2010 saw the founding of Buffer. It now produces around $5 million annually.
How did they come up with this figure?
These developmental steps are:
- In November 2010, students in a college room in the United Kingdom launched the initial version of Buffer, an app for scheduling tweets. Leo Widrich handled marketing, while Joel Gascoigne wrote code.
- They made pitches to prominent, mid-sized, and smaller tech sites, but nobody was interested in writing about them.
- They made the decision to start their own blog. Leo produced almost 350 articles in the first nine months!

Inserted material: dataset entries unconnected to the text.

(* Let $n\in\mathbb{N}$ and $i\in\mathbb{N}$ with $2\le i\le2^n$. Then there exists a maximal lattice-free polyhedron in $\mathbb{R}^n$ with exactly $i$ facets.
   Context: A set $B\subseteq\mathbb{R}^n$ is lattice-free if it is an $n$-dimensional closed convex set with $\operatorname{int}(B)\cap\mathbb{Z}^n=\emptyset$; it is maximal lattice-free if it is not a proper subset of another lattice-free set. *)

theory Defs
  imports "HOL-Analysis.Analysis"
begin

definition integer_points :: "(real ^ 'n) set" where
  "integer_points = {x. \<forall>k. x $ k \<in> \<int>}"

definition lattice_free :: "(real ^ 'n) set \<Rightarrow> bool" where
  "lattice_free B \<longleftrightarrow> convex B \<and> closed B \<and> aff_dim B = int CARD('n) \<and>
     interior B \<inter> integer_points = {}"

definition maximal_lattice_free :: "(real ^ 'n) set \<Rightarrow> bool" where
  "maximal_lattice_free B \<longleftrightarrow> lattice_free B \<and>
     (\<forall>B'. lattice_free B' \<and> B \<subseteq> B' \<longrightarrow> B' = B)"

end

theory Submission
  imports Defs
begin

text \<open>
  Choose \<open>s\<close> with \<open>2^s < i \<le> 2^(s+1)\<close>, a set \<open>S\<close> of \<open>s\<close> coordinates and one further coordinate \<open>m\<close>.
  For \<open>T \<subseteq> S\<close> the inequality \<open>sum_T x_k - sum_(S-T) x_k \<le> |T|\<close> is tight at the 0/1-point \<open>1_T\<close>
  and strict at \<open>1_T'\<close> for \<open>T' \<noteq> T\<close>, and every integer point satisfies one of these \<open>2^s\<close>
  inequalities with \<open>\<ge>\<close>. Splitting the inequality of each \<open>T\<close> in a family \<open>D\<close> of \<open>i - 2^s\<close> sets
  into two, by adding \<open>x_m\<close> to its positive or to its negative part, yields \<open>i\<close> inequalities with the
  same properties.

  Such a system, which moreover has a strictly feasible point, defines a maximal lattice-free
  polyhedron with one facet per inequality: the integer point of an inequality \<open>c\<close> shows that no
  inequality is redundant, and a convex set containing the polyhedron and a point \<open>y\<close> violating \<open>c\<close>
  contains in its interior the open segment from \<open>y\<close> through that integer point to a point just
  inside the polyhedron.
\<close>

lemma ex_step_preserving_strict_ineqs:
  fixes a :: "'c \<Rightarrow> 'a::real_inner"
  assumes "finite C" and "\<And>d. d \<in> C \<Longrightarrow> a d \<bullet> z < b d"
  shows "\<exists>s>0. \<forall>d\<in>C. a d \<bullet> (z + s *\<^sub>R v) < b d"
proof -
  have "\<forall>\<^sub>F s in at_right 0. a d \<bullet> (z + s *\<^sub>R v) < b d" if "d \<in> C" for d
  proof (rule order_tendstoD(2))
    show "((\<lambda>s. a d \<bullet> (z + s *\<^sub>R v)) \<longlongrightarrow> a d \<bullet> z) (at_right 0)"
      by (auto intro!: tendsto_eq_intros)
  qed (use assms(2) that in blast)
  then have "\<forall>\<^sub>F s in at_right 0. s > 0 \<and> (\<forall>d\<in>C. a d \<bullet> (z + s *\<^sub>R v) < b d)"
    by (intro eventually_conj eventually_at_right_less eventually_ball_finite assms(1)) blast
  then show ?thesis
    using eventually_happens by force
qed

- Leo went back to contacting other sites, but this time he enquired as to whether their readers would be interested in comparable posts. After 10 months, Buffer had more than 100,000 users as a consequence of this technique.
- The crew relocated to Silicon Valley from the UK in July 2011.
- The San Francisco startup incubator AngelPad was the next.
- A half-year later, when 88% of potential investors turned them down, they were successful in raising $400,000.
- They moved to Tel Aviv, Israel, in 2012 as a result of visa complications.
- They included Facebook, LinkedIn, and Google+ in their tool in addition to Twitter.
- As a result, their publications shifted from focusing exclusively on Twitter to covering social media marketing as a whole. Their typical article shares doubled.
- Buffer had 1 million users by September 2013—16,000 of them were paying customers.
- To increase backlinks For blogs, Buffer developed a widget.
3000 bloggers embedded their widget as a result.
As a result of their artificial backlinks, Google blacklisted them.
Google restored Buffer after they removed the Robots.txt noindex directive for that URL.
- They adopted a new approach to link building: provide pertinent and interesting content that is so wonderful that others connect to your website. They now update virtually every day.